Audience-performer bond
With a few exceptions, Finger always presented a fresh slate of performances for each season, and many musicians and dancers over the years have appreciated the acoustical properties of Williams Center and the informal post-performance interactions with audience members in the Williams Center lobby.
“Performers have always liked the intimacy of our concert hall and the opportunity to meet the audience after the concert,” he says, recalling some of his most memorable performances, among them Edgar Meyer’s performance with the Emerson String Quartet, sitar virtuoso Anoushka Shankar, who performed a new concerto written for her by her father, Ravi Shankar, and violinist Nadja Salerno-Sonnenberg’s performance of Astor Piazzolla’s Four Seasons of Buenos Aires with Orpheus.
“Our audiences feel like a family. You always see someone you know and instantly strike up conversation at intermission or afterward about what was just experienced during a performance,” he says. “We’ve been blessed by the Williams Center, a great cultural resource for our campus and the wider community. And there’s so much more to come and experience.”
1 Comment
What a nice article. Ellis did a great job of growing the Performing Arts Series. He accomplished much to be admired.

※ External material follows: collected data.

lemma affine_objective_attained:
  assumes "hermitian H" "trace H = 1" "0 \<le> p"
  shows "\<exists>\<sigma>. density_op \<sigma> \<and> Re (trace (H ** \<sigma>)) + p * sqrt_linear_entropy \<sigma>
           = (1 + sqrt (2 * (p\<^sup>2 + Re (trace (H ** H))) - 1)) / 2"
    (is "\<exists>\<sigma>. _ \<and> _ = (1 + sqrt ?K) / 2")
proof (cases "0 < ?K")
  case True
  then show ?thesis using affine_objective_maximizer[OF assms] by blast
next
  case False
  obtain a b c where H: "H = herm_mat a b c" "a + c = 1"
    using assms(1,2) by (rule hermitian_trace_1E)
  have K: "?K = (a - c)\<^sup>2 + (2 * Re b)\<^sup>2 + (2 * Im b)\<^sup>2 + (sqrt 2 * p)\<^sup>2"
    unfolding H(1) using H(2) by (rule affine_objective_bound_eq_norm)
  have K0: "?K = 0" using False K by (smt (verit) zero_le_power2)
  with K have "a - c = 0" "Re b = 0" "Im b = 0" "p = 0"
    by (simp_all add: add_nonneg_eq_0_iff)
  text \<open>Then \<open>H = \<one>/2\<close> and \<open>p = 0\<close>, and every state attains the value \<open>1/2\<close>.\<close>
  define \<sigma> where "\<sigma> = herm_mat (1/2) 0 (1/2)"
  have "density_op \<sigma>"
    by (simp add: \<sigma>_def density_op_def psd_herm_mat_iff trace_herm_mat)
  moreover have "2 * (Re (trace (H ** \<sigma>)) + p * sqrt_linear_entropy \<sigma>) - 1 = 0"
    unfolding H(1) \<sigma>_def using affine_objective_eq_inner[OF H(2), of "1/2" "1/2" b 0 p]
      \<open>a - c = 0\<close> \<open>Re b = 0\<close> \<open>Im b = 0\<close> \<open>p = 0\<close> by simp
  ultimately show ?thesis using K0 by (intro exI[of _ \<sigma>]) simp
qed


subsection \<open>Measurability\<close>

lemma psd_iff_entries:
  "psd A \<longleftrightarrow> Im (A$1$1) = 0 \<and> Im (A$2$2) = 0 \<and> A$2$1 = cnj (A$1$2)
     \<and> 0 \<le> Re (A$1$1) \<and> 0 \<le> Re (A$2$2) \<and> (cmod (A$1$2))\<^sup>2 \<le> Re (A$1$1) * Re (A$2$2)"
proof -
  have "hermitian A \<longleftrightarrow> Im (A$1$1) = 0 \<and> Im (A$2$2) = 0 \<and> A$2$1 = cnj (A$1$2)"
    by (auto simp: hermitian_iff_herm_mat vec_eq_iff forall_2 complex_eq_iff)
  moreover have "psd A \<longleftrightarrow> hermitian A \<and> psd (herm_mat (Re (A$1$1)) (A$1$2) (Re (A$2$2)))"
    by (metis hermitian_iff_herm_mat psd_def)
  ultimately show ?thesis by (auto simp: psd_herm_mat_iff)
qed

lemma closed_psd: "closed {A. psd A}"
  unfolding psd_iff_entries
  by (intro closed_Collect_conj closed_Collect_eq closed_Collect_le continuous_intros)

lemma borel_measurable_trace [measurable]: "(trace :: cmat2 \<Rightarrow> complex) \<in> borel_measurable borel"
  by (intro borel_measurable_continuous_onI) (simp add: trace_def sum_2 continuous_intros)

The “Williams Center for the Arts”was the academic home to the Art Department, Music Department and the Theater Program.
Michiko Okaya, Diane Ahl, and Ida Sinkevic along with many other faculty members were major contributors to the development of the Art presence anchored by this center. Robust programs in the arts grew quickly providing a more balanced academic experience for students.
After sixteen years, the building was renamed the “Performing Arts Center” after the Williams Visual Arts Building opened, a forerunner of the Arts Campus, now firmly established at the base of College Hill. Congratulations to Ellis and all who contributed to the success of the Arts at Lafayette College.